Sri Lankan composer, musician, and academic

Nadeeka Guruge (නදීක ගුරුගේ; born 27 September 1976) is a Sri Lankan composer, musician, and music educator. He is best known for his work in film and theatre music. Guruge has received multiple awards for his contributions to music direction and background music. He served as the inaugural dean of the School of Music at the Sri Lanka Technological Campus (SLTC). He is also known for his onstage concert performances and public engagement in music education and research.

==Early life and education==
Guruge was born in Anuradhapura and raised in Nuwara Eliya, Sri Lanka. He began learning guitar at the age of 14 and was initially taught by his brother. He was influenced by composer Premasiri Khemadasa, whose work shaped his approach to Western classical and Sri Lankan folk music. Sunil Santha and Clarence Wijewardena were major influences on his musical outlook, while Johann Sebastian Bach shaped his approach to film scoring and instrumental composition. Exposure to diverse musical traditions through travel and research influenced his interest in indigenous musical forms, which would become a central focus of his career.

==Career==
Guruge began his professional career in 1999 with Sanyugma, a folk music collaboration with Bolivian musician Marcello Titto Li, blending traditional and contemporary styles. He directed music for numerous theatre productions, including Rathnawalli (2006) and Sanda Langa Maranaya (2005) and composed music for several notable Sri Lankan television dramas, such as Aga Pipi Mal (2004) and Kampitha Wil (2008). He transitioned into film scoring in the early 2000s.

In addition to his work in composition, he has served as a judge on the Sri Lankan reality television series Derana Dream Star, a popular music competition produced by TV Derana. He was part of the judging panel for Season IV in 2012, and returned for Season XI in 2023. The show, known for discovering new musical talent.

== Film scoring and acting ==
Guruge's first credited film composition was for his score in Sulanga Enu Pinisa (2005, also known as The Forsaken Land), which was screened at the Cannes Film Festival. For this film, he used a Native American quena flute, showcasing his innovative approach. He employed synthesizers in Sankara (2007) and drew on folk music influences for Abá (2008), noting similarities between Sri Lankan dirges and Mediterranean music. His score for Cinderella (2011) was considered among his best work. His musical approach often incorporates traditional instruments and experimental techniques.
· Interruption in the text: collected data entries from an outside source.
(* Let $(\mathfrak g,r)$ be a triangular Lie bialgebra with $r:\mathfrak g^*\to\mathfrak g$ invertible. For $\mu\in\mathbb R$ and $\kappa_1,\kappa_2\in\mathbb R$ with $\kappa_1\neq0$, $\kappa_2^2\neq1$, define linear maps on $\mathcal D(\mathfrak g)$ by $N_\mu(x,a^* )=(x,\mu r^{-1}(x)-a^* )$ and $N_{\kappa_1,\kappa_2}(x,a^* )=(\kappa_1r(a^* )+\kappa_2x,\ \frac{1-\kappa_2^2}{\kappa_1}r^{-1}(x)-\kappa_2a^* )$. Let $\tilde N_{\pm,\mu}=N_\mu\varphi^{-1}\pm\varphi^{-1}$ and $\tilde N_{\pm,\kappa_1,\kappa_2}=N_{\kappa_1,\kappa_2}\varphi^{-1}\pm\varphi^{-1}$, regarded as elements of $\mathcal D(\mathfrak g)\otimes\mathcal D(\mathfrak g)$. Then each of them is a solution of the CYBE in $\mathcal D(\mathfrak g)$ whose symmetric part is invariant and invertible; i.e. $(\mathcal D(\mathfrak g),\tilde N_{\pm,\mu})$ and $(\mathcal D(\mathfrak g),\tilde N_{\pm,\kappa_1,\kappa_2})$ are factorizable quasitriangular Lie bialgebras.
   Context: $\mathfrak g$ a finite-dimensional real Lie algebra; $t\in V\otimes V$ is identified with $t:V^*\to V$ via $\langle t(a),b\rangle=\langle a\otimes b,t\rangle$. $(\mathfrak g,r)$ triangular: $r$ skew-symmetric solution of the CYBE $[r_{12},r_{13}]+[r_{12},r_{23}]+[r_{13},r_{23}]=0$ (for $r=\sum a_i\otimes b_i$: $[r_{12},r_{13}]=\sum[a_i,a_j]\otimes b_i\otimes b_j$, $[r_{12},r_{23}]=\sum a_i\otimes[b_i,a_j]\otimes b_j$, $[r_{13},r_{23}]=\sum a_i\otimes a_j\otimes[b_i,b_j]$). $\langle\mathrm{ad}^*(x)a^*,y\rangle=-\langle a^*,[x,y]\rangle$; $[a^*,b^*]_\delta=\mathrm{ad}^*(r(a^* ))b^*-\mathrm{ad}^*(r(b^* ))a^*$; $\langle\mathrm{ad}^*(a^* )x,b^*\rangle=-\langle x,[a^*,b^*]_\delta\rangle$. $\mathcal D(\mathfrak g)=\mathfrak g\oplus\mathfrak g^*$ with bracket $[(x,a^* ),(y,b^* )]=([x,y]+\mathrm{ad}^*(a^* )y-\mathrm{ad}^*(b^* )x,[a^*,b^*]_\delta+\mathrm{ad}^*(x)b^*-\mathrm{ad}^*(y)a^* )$ and form $\mathfrak B_p((x,a^* ),(y,b^* ))=\langle a^*,y\rangle+\langle x,b^*\rangle$; $\varphi$ defined by $\mathfrak B_p(X,Y)=\langle\varphi(X),Y\rangle$. A quasitriangular Lie bialgebra is factorizable if the symmetric part of its $r$-matrix is invertible as a map from the dual to the algebra. *)

theory Defs
  imports "HOL-Analysis.Analysis"
begin

text \<open>A finite-dimensional real Lie algebra g is modelled on real^'n with a
bracket br. Its dual g* is modelled on the same type, with pairing <a,x> = a \<bullet> x.
Tensors in V (x) V are finite sums of pure tensors, given as lists of pairs (a_i,b_i)
meaning sum a_i (x) b_i; the dual of V is identified with V via the inner product.
For the double D(g) = g (+) g* (type (real^'n) x (real^'n)), its dual D* = g* (+) g is
modelled on the same product type, the pairing <(alpha,xi),(y,b)> = alpha.y + xi.b being
exactly the inner product of the product type.\<close>

definition lie_algebra :: "('v::real_vector \<Rightarrow> 'v \<Rightarrow> 'v) \<Rightarrow> bool" where
  "lie_algebra br \<longleftrightarrow> (\<forall>x. linear (br x)) \<and> (\<forall>y. linear (\<lambda>x. br x y))
     \<and> (\<forall>x y. br x y = - br y x)
     \<and> (\<forall>x y z. br x (br y z) + br y (br z x) + br z (br x y) = 0)"

definition ev2 :: "('v::real_inner \<times> 'v) list \<Rightarrow> 'v \<Rightarrow> 'v \<Rightarrow> real" where
  "ev2 ts a b = (\<Sum>(x,y)\<leftarrow>ts. inner a x * inner b y)"

text \<open>The map t : V* \<rightarrow> V with <t(a),b> = <a (x) b, t>.\<close>
definition tmap :: "('v::real_inner \<times> 'v) list \<Rightarrow> 'v \<Rightarrow> 'v" where
  "tmap ts a = (\<Sum>(x,y)\<leftarrow>ts. inner a x *\<^sub>R y)"

definition skew_tensor :: "('v::real_inner \<times> 'v) list \<Rightarrow> bool" where
  "skew_tensor ts \<longleftrightarrow> (\<forall>a b. ev2 ts a b = - ev2 ts b a)"

text \<open>CYBE: [r12,r13]+[r12,r23]+[r13,r23] = 0, the 3-tensor being evaluated on all
 xi (x) eta (x) zeta with xi, eta, zeta dual vectors.\<close>
definition cybe :: "('v::real_inner \<Rightarrow> 'v \<Rightarrow> 'v) \<Rightarrow> ('v \<times> 'v) list \<Rightarrow> bool" where
  "cybe br ts \<longleftrightarrow> (\<forall>\<xi> \<eta> \<zeta>.
      (\<Sum>(ai,bi)\<leftarrow>ts. \<Sum>(aj,bj)\<leftarrow>ts. inner \<xi> (br ai aj) * inner \<eta> bi * inner \<zeta> bj)
    + (\<Sum>(ai,bi)\<leftarrow>ts. \<Sum>(aj,bj)\<leftarrow>ts. inner \<xi> ai * inner \<eta> (br bi aj) * inner \<zeta> bj)
    + (\<Sum>(ai,bi)\<leftarrow>ts. \<Sum>(aj,bj)\<leftarrow>ts. inner \<xi> ai * inner \<eta> aj * inner \<zeta> (br bi bj)) = 0)"

definition sym_part :: "('v::real_inner \<times> 'v) list \<Rightarrow> ('v \<times> 'v) list" where
  "sym_part ts = map (\<lambda>(x,y). ((1/2) *\<^sub>R x, y)) ts @ map (\<lambda>(x,y). ((1/2) *\<^sub>R y, x)) ts"

text \<open>ad-invariance of a 2-tensor: [x (x) 1 + 1 (x) x, s] = 0 for all x.\<close>
definition invariant_tensor :: "('v::real_inner \<Rightarrow> 'v \<Rightarrow> 'v) \<Rightarrow> ('v \<times> 'v) list \<Rightarrow> bool" where
  "invariant_tensor br ts \<longleftrightarrow> (\<forall>z a b.
      (\<Sum>(x,y)\<leftarrow>ts. inner a (br z x) * inner b y + inner a x * inner b (br z y)) = 0)"

definition factorizable :: "('v::real_inner \<Rightarrow> 'v \<Rightarrow> 'v) \<Rightarrow> ('v \<Rightarrow> 'v) \<Rightarrow> bool" where
  "factorizable br t \<longleftrightarrow> (\<exists>ts. tmap ts = t \<and> cybe br ts \<and> invariant_tensor br (sym_part ts)
      \<and> bij (tmap (sym_part ts)))"

definition triangular :: "('v::real_inner \<Rightarrow> 'v \<Rightarrow> 'v) \<Rightarrow> ('v \<times> 'v) list \<Rightarrow> bool" where
  "triangular br rs \<longleftrightarrow> skew_tensor rs \<and> cybe br rs"

definition coad :: "('v::real_inner \<Rightarrow> 'v \<Rightarrow> 'v) \<Rightarrow> 'v \<Rightarrow> 'v \<Rightarrow> 'v" where
  "coad br x a = - adjoint (br x) a"

definition brd :: "('v::real_inner \<Rightarrow> 'v \<Rightarrow> 'v) \<Rightarrow> ('v \<Rightarrow> 'v) \<Rightarrow> 'v \<Rightarrow> 'v \<Rightarrow> 'v" where
  "brd br r a b = coad br (r a) b - coad br (r b) a"

definition coadd :: "('v::real_inner \<Rightarrow> 'v \<Rightarrow> 'v) \<Rightarrow> ('v \<Rightarrow> 'v) \<Rightarrow> 'v \<Rightarrow> 'v \<Rightarrow> 'v" where
  "coadd br r a x = - adjoint (brd br r a) x"

definition brD :: "('v::real_inner \<Rightarrow> 'v \<Rightarrow> 'v) \<Rightarrow> ('v \<Rightarrow> 'v) \<Rightarrow> 'v \<times> 'v \<Rightarrow> 'v \<times> 'v \<Rightarrow> 'v \<times> 'v" where
  "brD br r X Y = (case X of (x,a) \<Rightarrow> case Y of (y,b) \<Rightarrow>
     (br x y + coadd br r a y - coadd br r b x, brd br r a b + coad br x b - coad br y a))"

definition Bp :: "'v::real_inner \<times> 'v \<Rightarrow> 'v \<times> 'v \<Rightarrow> real" where
  "Bp X Y = (case X of (x,a) \<Rightarrow> case Y of (y,b) \<Rightarrow> inner a y + inner x b)"

definition phi :: "'v::real_inner \<times> 'v \<Rightarrow> 'v \<times> 'v" where
  "phi X = (THE Z. \<forall>Y. inner Z Y = Bp X Y)"

definition N_mu :: "('v::real_inner \<Rightarrow> 'v) \<Rightarrow> real \<Rightarrow> 'v \<times> 'v \<Rightarrow> 'v \<times> 'v" where
  "N_mu r \<mu> X = (case X of (x,a) \<Rightarrow> (x, \<mu> *\<^sub>R inv r x - a))"

definition N_kappa :: "('v::real_inner \<Rightarrow> 'v) \<Rightarrow> real \<Rightarrow> real \<Rightarrow> 'v \<times> 'v \<Rightarrow> 'v \<times> 'v" where
  "N_kappa r k1 k2 X = (case X of (x,a) \<Rightarrow>
     (k1 *\<^sub>R r a + k2 *\<^sub>R x, ((1 - k2\<^sup>2) / k1) *\<^sub>R inv r x - k2 *\<^sub>R a))"

end

theory Submission
  imports Defs
begin

text \<open>
  The double D = g + g* carries the invariant symmetric form Bp, i.e. the 3-form
  Bp(X,[Y,Z]) is totally skew. Both maps N = N_mu and N = N_kappa are Bp-skew involutions of D
  whose two eigenspaces, the images of N + 1 and N - 1, are of the form
  L(p,q) = {(p w, q r\<inverse>(w))}; since r\<inverse> is a 2-cocycle, the 3-form vanishes on each L(p,q).
  For any such "Lagrangian splitting" of a metric Lie algebra the tensor (N + \<sigma>) \<phi>\<inverse>, \<sigma> = \<plusminus>1,
  has transpose (\<sigma> - N) \<phi>\<inverse>, so its symmetric part is \<sigma> \<phi>\<inverse> (invariant and invertible), and the
  CYBE reduces, after splitting each argument along the two eigenspaces, to the vanishing of the
  3-form on each eigenspace.
\<close>

definition tmapT :: "('v::real_inner \<times> 'v) list \<Rightarrow> 'v \<Rightarrow> 'v" where
  "tmapT ts b = (\<Sum>(x,y)\<leftarrow>ts. inner b y *\<^sub>R x)"

lemma tmap_Nil [simp]: "tmap [] a = 0"
  and tmap_Cons [simp]: "tmap ((x,y) # ts) a = inner a x *\<^sub>R y + tmap ts a"
  by (simp_all add: tmap_def)

lemma tmapT_Nil [simp]: "tmapT [] b = 0"
  and tmapT_Cons [simp]: "tmapT ((x,y) # ts) b = inner b y *\<^sub>R x + tmapT ts b"
  by (simp_all add: tmapT_def)

lemma tmap_linear: "linear (tmap ts)"
proof (rule linearI)
  show "tmap ts (a + b) = tmap ts a + tmap ts b" for a b
    by (induction ts) (auto simp: inner_add_left scaleR_add_left)
  show "tmap ts (c *\<^sub>R a) = c *\<^sub>R tmap ts a" for c a
    by (induction ts) (auto simp: scaleR_add_right)
qed

lemma inner_tmapT: "inner (tmapT ts b) a = inner b (tmap ts a)"
  by (induction ts) (auto simp: inner_add_left inner_add_right algebra_simps inner_commute)

lemma ev2_tmap: "ev2 ts a b = inner b (tmap ts a)"
  by (induction ts) (auto simp: ev2_def inner_add_right algebra_simps)

lemma tmap_sym_part: "tmap (sym_part ts) a = (1/2) *\<^sub>R (tmap ts a + tmapT ts a)"
  and tmapT_sym_part: "tmapT (sym_part ts) a = (1/2) *\<^sub>R (tmap ts a + tmapT ts a)"
  by (induction ts) (auto simp: sym_part_def tmap_def tmapT_def algebra_simps)

lemma tmap_exists:
  fixes t :: "'a::euclidean_space \<Rightarrow> 'a"
  assumes "linear t"
  shows "\<exists>ts. tmap ts = t"
proof -
  obtain bs :: "'a list" where bs: "set bs = Basis" "distinct bs"
    using finite_distinct_list[OF finite_Basis] by blast
  have "tmap (map (\<lambda>b. (b, t b)) bs) a = t a" for a
  proof -
    have "tmap (map (\<lambda>b. (b, t b)) bs) a = (\<Sum>b\<in>Basis. inner a b *\<^sub>R t b)"
      using sum.distinct_set_conv_list[OF bs(2), of "\<lambda>b. inner a b *\<^sub>R t b"]
      by (simp add: tmap_def o_def bs(1))
    also have "\<dots> = t (\<Sum>b\<in>Basis. inner a b *\<^sub>R b)"
      by (simp add: linear_sum[OF assms] linear_scale[OF assms])
    finally show ?thesis by (simp add: euclidean_representation)
  qed
  then show ?thesis by blast
qed

lemma contract_snd:
  assumes "linear f"
  shows "(\<Sum>(a,b)\<leftarrow>ts. f a * inner \<eta> b) = (f (tmapT ts \<eta>) :: real)"
  by (induction ts)
    (auto simp: linear_0[OF assms] linear_add[OF assms] linear_scale[OF assms] algebra_simps)

lemma contract_fst:
  assumes "linear f"
  shows "(\<Sum>(a,b)\<leftarrow>ts. inner \<xi> a * f b) = (f (tmap ts \<xi>) :: real)"
  by (induction ts)
    (auto simp: linear_0[OF assms] linear_add[OF assms] linear_scale[OF assms] algebra_simps)

lemma linear_functional_comp: "linear g \<Longrightarrow> linear (\<lambda>x. inner \<xi> (g x) * c)"
  by (rule linearI) (simp_all add: linear_add linear_scale inner_add_right algebra_simps)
In addition to composing, Guruge played the lead role in the film Karma (2012), which was screened at several international film festivals.

== Academic and educational contributions ==
Guruge founded the Megha Foundation in 1998, a Nuwara Eliya-based music research institute collaborating with Bolivian and Austrian partners. The foundation hosts monthly dialogues, performances, and educational programs for young artists.

From 2020 to 2024, Guruge served as the inaugural dean of Sri Lanka Technological Campus (SLTC)'s School of Music. He led the development of a Bachelor of Music (Honours) program that included both local and international music traditions. The program received approval from the University Grants Commission and the Ministry of Higher Education. Guruge has also contributed to music education through lectures.

Since 2024, Guruge has focused on informal education and research into 20th-century Sri Lankan music identity, Balangoda people’s musical behavior, and Vedda music, with findings to be published in future books.

Guruge has authored multiple published books and is preparing several others, including ක්ලැරන්සියානු පොප් සංගීතය, an analysis of Clarence Wijewardena's music, and ජෝති එනකං, a reflective and philosophical work that explores the cultural, social, and artistic symbolism of the figure H. R. Jothipala within Sri Lankan music and society. Mystique Maya a fiction novel submitted for the Gratiaen Prize.

==Concerts and performances==
Guruge has been a prominent performer in Sri Lanka’s music scene, engaging in concerts, television, and other public appearances. He initiated the Nostal Guitar concert series, which began in 2013 at The Gramodaya Folk Art Centre in Battaramulla, showcasing his original guitar-based works. The series continued with performances on 10 April 2015 at Dharmaraja College Auditorium in Kandy and 11 April 2015 in Nuwara Eliya, featuring Kasun Kalhara and Indrachapa Liyanage. These concerts, inspired by Latin American and European formats, integrated the audience with the stage through lighting and storytelling, emphasizing Guruge’s lifelong connection to the guitar. The series extended into 2024, as promoted on his official website. In 2025, Guruge plans to hold a film music concert to celebrate 20 years in cinema, featuring award-winning compositions and possibly popular film songs.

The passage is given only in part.